Table 10 Cold start performance comparison on Douban dataset

6 Conclusion and future work

With the advent of online social networks, exploiting the information hidden in the social networks to predict the behavior of users has become very valuable. Recommender systems have become very useful tools to mine the knowledge from the social networks to improve recommendation accuracy. In this paper, we presented a hybrid recommender system based on hypergraph topologic structure in social networks, and four types of relations, which are user-item relation, item-item relation, user-user relation and contextual information-user relation, have been taken into account in our recommendation model to improve its accuracy. We also conducted extensive experiments on three larger real-life datasets, and the experimental results show that our model enjoys higher recommendation accuracy over the existing major recommendation models. Although it has some advantages in its recommendation effectiveness, our model still has some limitations and there is room for further improvement in some aspects. Firstly, our HMF model requires access to more information in social networks such as user feature, item feature and contextual information. Secondly, our HMF model faces an increased computational complexity when user feature and item similarity are calculated.

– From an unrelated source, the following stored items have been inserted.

(* Let $(\Lambda,d)$ be a $k$-graph and let $(\overline{\Lambda},\overline d)$ be the extension described in the context. Then $(\overline{\Lambda},\overline d)$ is a $k$-graph with no sources, i.e. $v\overline{\Lambda}^{n}\neq\emptyset$ for every vertex $v$ of $\overline{\Lambda}$ and every $n\in\mathbb{N}^k$.
   Context: A $k$-graph $(\Lambda,d)$ is a countable category with a degree functor $d:\Lambda\to\mathbb{N}^k$ satisfying unique factorization (if $d(\lambda)=m+n$ there are unique $\mu,\nu$ with $\lambda=\mu\nu$, $d(\mu)=m$, $d(\nu)=n$); $\Lambda^0$ vertices, $r,s$ range/source, $v\Lambda^n=\{\lambda:r(\lambda)=v,d(\lambda)=n\}$; a vertex $v$ is a source if $v\Lambda^n=\emptyset$ for some $n$. $e_i$ standard basis, $\le$ coordinatewise, $\vee,\wedge$ coordinatewise max/min. For $m\in(\mathbb{N}\cup\{\infty\})^k$, $\Omega_{k,m}$ has objects $\{p\in\mathbb{N}^k:p\le m\}$, morphisms $(p,q)$, $p\le q\le m$, $r(p,q)=p$, $s(p,q)=q$, $d(p,q)=q-p$. A graph morphism $x:\Omega_{k,m}\to\Lambda$ is a degree-preserving functor; $d(x)=m$, $x(a,b)=x((a,b))$, $x(a)=x(a,a)$. It is a boundary path if there is $n_x\in\mathbb{N}^k$, $n_x\le d(x)$, with $x(p)\Lambda^{e_i}=\emptyset$ whenever $p\in\mathbb{N}^k$, $n_x\le p\le d(x)$, $p_i=d(x)_i$; $\Lambda^{\le\infty}$ is the set of boundary paths. $\sigma^px(a,b)=x(a+p,b+p)$ ($p\le d(x)$); $\lambda x$ is the concatenation of $\lambda$ (with $s(\lambda)=x(0)$) and $x$, a graph morphism on $\Omega_{k,d(\lambda)+d(x)}$. $V_\Lambda=\{(x;m):x\in\Lambda^{\le\infty},m\in\mathbb{N}^k,m\not\le d(x)\}$, $(x;m)\approx(y;p)$ iff $x(m\wedge d(x))=y(p\wedge d(y))$ and $m-m\wedge d(x)=p-p\wedge d(y)$; classes $[x;m]$ form $\widetilde{V_\Lambda}$. $P_\Lambda=\{(x;(m,n)):x\in\Lambda^{\le\infty},m\le n\in\mathbb{N}^k,n\not\le d(x)\}$, $(x;(m,n))\sim(y;(p,q))$ iff $x(m\wedge d(x),n\wedge d(x))=y(p\wedge d(y),q\wedge d(y))$, $m-m\wedge d(x)=p-p\wedge d(y)$, $n-m=q-p$; classes $[x;(m,n)]$ form $\widetilde{P_\Lambda}$. The extension $\overline{\Lambda}$ has objects $\Lambda^0\sqcup\widetilde{V_\Lambda}$ and morphisms $\Lambda\sqcup\widetilde{P_\Lambda}$: on $\Lambda$ everything is as in $\Lambda$; $\overline r([x;(m,n)])=x(m)$ if $m\le d(x)$, else $[x;m]$; $\overline s([x;(m,n)])=[x;n]$; identity at $[x;m]$ is $[x;(m,m)]$; $\lambda[x;(m,n)]=[\lambda\sigma^mx;(0,d(\lambda)+n-m)]$ when $s(\lambda)=\overline r([x;(m,n)])$; $[x;(m,n)][y;(p,q)]=[z;(m,n+q-p)]$ with $z=x(0,n\wedge d(x))\sigma^{p\wedge d(y)}y$ when $\overline s([x;(m,n)])=\overline r([y;(p,q)])$. The degree is $\overline d|_\Lambda=d$, $\overline d([x;(m,n)])=n-m$. *)

theory Defs
  imports Main "HOL-Library.Function_Algebras" "HOL-Library.Extended_Nat" "HOL-Library.Countable_Set"
begin

text \<open>Elements of N^k are functions 'k => nat (with 'k a finite type of k elements);
  pointwise order, pointwise +, -, sup (join), inf (meet).
  Elements of (N u {oo})^k are functions 'k => enat.\<close>

record ('v, 'a, 'k) kgraph =
  kobj :: "'v set"
  kmor :: "'a set"
  krg  :: "'a \<Rightarrow> 'v"
  ksr  :: "'a \<Rightarrow> 'v"
  kcp  :: "'a \<Rightarrow> 'a \<Rightarrow> 'a"
  kid  :: "'v \<Rightarrow> 'a"
  kdg  :: "'a \<Rightarrow> 'k \<Rightarrow> nat"

definition k_graph :: "('v, 'a, 'k) kgraph \<Rightarrow> bool" where
  "k_graph G \<longleftrightarrow>
     countable (kobj G) \<and> countable (kmor G) \<and>
     (\<forall>a\<in>kmor G. krg G a \<in> kobj G \<and> ksr G a \<in> kobj G) \<and>
     (\<forall>v\<in>kobj G. kid G v \<in> kmor G \<and> krg G (kid G v) = v \<and> ksr G (kid G v) = v
                  \<and> kdg G (kid G v) = 0) \<and>
     (\<forall>a\<in>kmor G. \<forall>b\<in>kmor G. ksr G a = krg G b \<longrightarrow>
         kcp G a b \<in> kmor G \<and> krg G (kcp G a b) = krg G a \<and> ksr G (kcp G a b) = ksr G b
         \<and> kdg G (kcp G a b) = kdg G a + kdg G b) \<and>
     (\<forall>a\<in>kmor G. \<forall>b\<in>kmor G. \<forall>c\<in>kmor G. ksr G a = krg G b \<and> ksr G b = krg G c \<longrightarrow>
         kcp G (kcp G a b) c = kcp G a (kcp G b c)) \<and>
     (\<forall>a\<in>kmor G. kcp G (kid G (krg G a)) a = a \<and> kcp G a (kid G (ksr G a)) = a) \<and>
     (\<forall>l\<in>kmor G. \<forall>m n. kdg G l = m + n \<longrightarrow>
         (\<exists>!p. p \<in> kmor G \<times> kmor G \<and> ksr G (fst p) = krg G (snd p)
               \<and> kcp G (fst p) (snd p) = l \<and> kdg G (fst p) = m \<and> kdg G (snd p) = n))"
(* Let $A$ be a unital $C^*$-algebra, $B$ a unital sub-$C^*$-algebra of $A$, and $\varphi\colon A\to\mathbb{C}$ a state such that there exists a conditional expectation $E\colon A\to B$ with $\varphi\circ E=\varphi$. Let $\rho\colon A\to\mathcal{B}(\mathcal{H})$ be the GNS representation associated with $\varphi$, and let $\mathcal{H}_\varphi$, $P_{\mathcal{H}_\varphi}$, $\Pi_{\varphi,B}\colon D_{\varphi,B}\to{\rm U}_A/{\rm U}_B$, $\iota_{\varphi,B}$ and $K_{\varphi,B}$ be as described in the context. Then: (1) the realization operator $\iota_{\varphi,B}\colon\mathcal{H}\to\mathcal{C}({\rm U}_A/{\rm U}_B,D_{\varphi,B})$ is injective; (2) for every $s\in{\rm U}_A/{\rm U}_B$ the map ${\rm ev}_s:=(\iota_{\varphi,B}(\cdot))(s)\colon\mathcal{H}\to(D_{\varphi,B})_s$ is bounded linear; (3) $K_{\varphi,B}(s,t)={\rm ev}_s\,({\rm ev}_t)^*$ for all $s,t\in{\rm U}_A/{\rm U}_B$ (so $K_{\varphi,B}$ is the positive definite reproducing kernel corresponding to $\iota_{\varphi,B}$); (4) $\iota_{\varphi,B}$ intertwines the unitary representation $\rho|_{{\rm U}_A}$ with the natural representation of ${\rm U}_A$ on $\mathcal{C}({\rm U}_A/{\rm U}_B,D_{\varphi,B})$, i.e. $\iota_{\varphi,B}(\rho(v)h)(s)=v\cdot\big(\iota_{\varphi,B}(h)(v^{-1}\cdot s)\big)$ for all $v\in{\rm U}_A$, $h\in\mathcal{H}$, $s\in{\rm U}_A/{\rm U}_B$.
   Context: For a unital $C^*$-algebra $A$, ${\rm U}_A=\{u\in A\mid uu^*=u^*u=\mathbf{1}\}$ is its unitary group and ${\rm U}_B={\rm U}_A\cap B$. A conditional expectation $E\colon A\to B$ is a bounded linear idempotent map from $A$ onto $B$ with $\|E\|=1$. GNS: $\mathcal{H}$ is the completion of $A$ modulo the null space of the form $(a_1,a_2)\mapsto\varphi(a_2^*a_1)$, and $\rho(a)$ is induced by left multiplication $a'\mapsto aa'$. $\mathcal{H}_\varphi$ is the closure in $\mathcal{H}$ of the image of $B$ (this is the GNS space of $\varphi|_B$), $\rho_\varphi\colon B\to\mathcal{B}(\mathcal{H}_\varphi)$ is the GNS representation of $B$ for $\varphi|_B$ (the restriction of $\rho(b)$ to $\mathcal{H}_\varphi$), and $P_{\mathcal{H}_\varphi}\colon\mathcal{H}\to\mathcal{H}_\varphi$ is the orthogonal projection. Homogeneous bundle: $D_{\varphi,B}={\rm U}_A\times_{{\rm U}_B}\mathcal{H}_\varphi$ is the quotient of ${\rm U}_A\times\mathcal{H}_\varphi$ by the relation $(u_1,f_1)\sim(u_2,f_2)$ iff there is $v\in{\rm U}_B$ with $u_1=u_2v$ and $f_1=\rho_\varphi(v^{-1})f_2$; $[(u,f)]$ denotes the class, $\Pi_{\varphi,B}([(u,f)])=u{\rm U}_B$. This is a Hermitian vector bundle over the homogeneous manifold ${\rm U}_A/{\rm U}_B$ with fiber inner product $([(u,f)]\mid[(u,g)])=(f\mid g)$, and ${\rm U}_A$ acts on it by $v\cdot[(u,f)]=[(vu,f)]$, covering the left action on ${\rm U}_A/{\rm U}_B$. The natural representation of ${\rm U}_A$ on sections is $(v\cdot\sigma)(s)=v\cdot\sigma(v^{-1}\cdot s)$. Realization operator: $\iota_{\varphi,B}(h)(u{\rm U}_B)=[(u,P_{\mathcal{H}_\varphi}(\rho(u)^{-1}h))]$ for $h\in\mathcal{H}$, $u\in{\rm U}_A$. Kernel: $K_{\varphi,B}$ is the section of the bundle over $({\rm U}_A/{\rm U}_B)^2$ with fibers $\mathcal{B}((D_{\varphi,B})_t,(D_{\varphi,B})_s)$ given by $K_{\varphi,B}(u_1{\rm U}_B,u_2{\rm U}_B)[(u_2,f)]=[(u_1,P_{\mathcal{H}_\varphi}(\rho(u_1^{-1}u_2)f))]$ for $u_1,u_2\in{\rm U}_A$, $f\in\mathcal{H}_\varphi$ (these are well defined). A positive definite reproducing kernel on a Hermitian bundle is a continuous section $K$ with $\sum_{j,l}(K(t_l,t_j)\xi_j\mid\xi_l)\ge0$ for all finite families $t_j$, $\xi_j\in D_{t_j}$. *)

theory Defs
  imports "HOL-Analysis.Analysis"
begin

There will be several interesting directions to explore for our future work. We want to extend the model to handle recommendation across multiple social networks as it is not uncommon that many users register in several different social networks. Just as presented in [45], shilling attack is one of great threat to recommender system, attack detection is also an important direction for our next work. Furthermore, since the information of user feature and context will be used and exploited, the issues of privacy preservation and protection in recommendation should be considered and further investigated.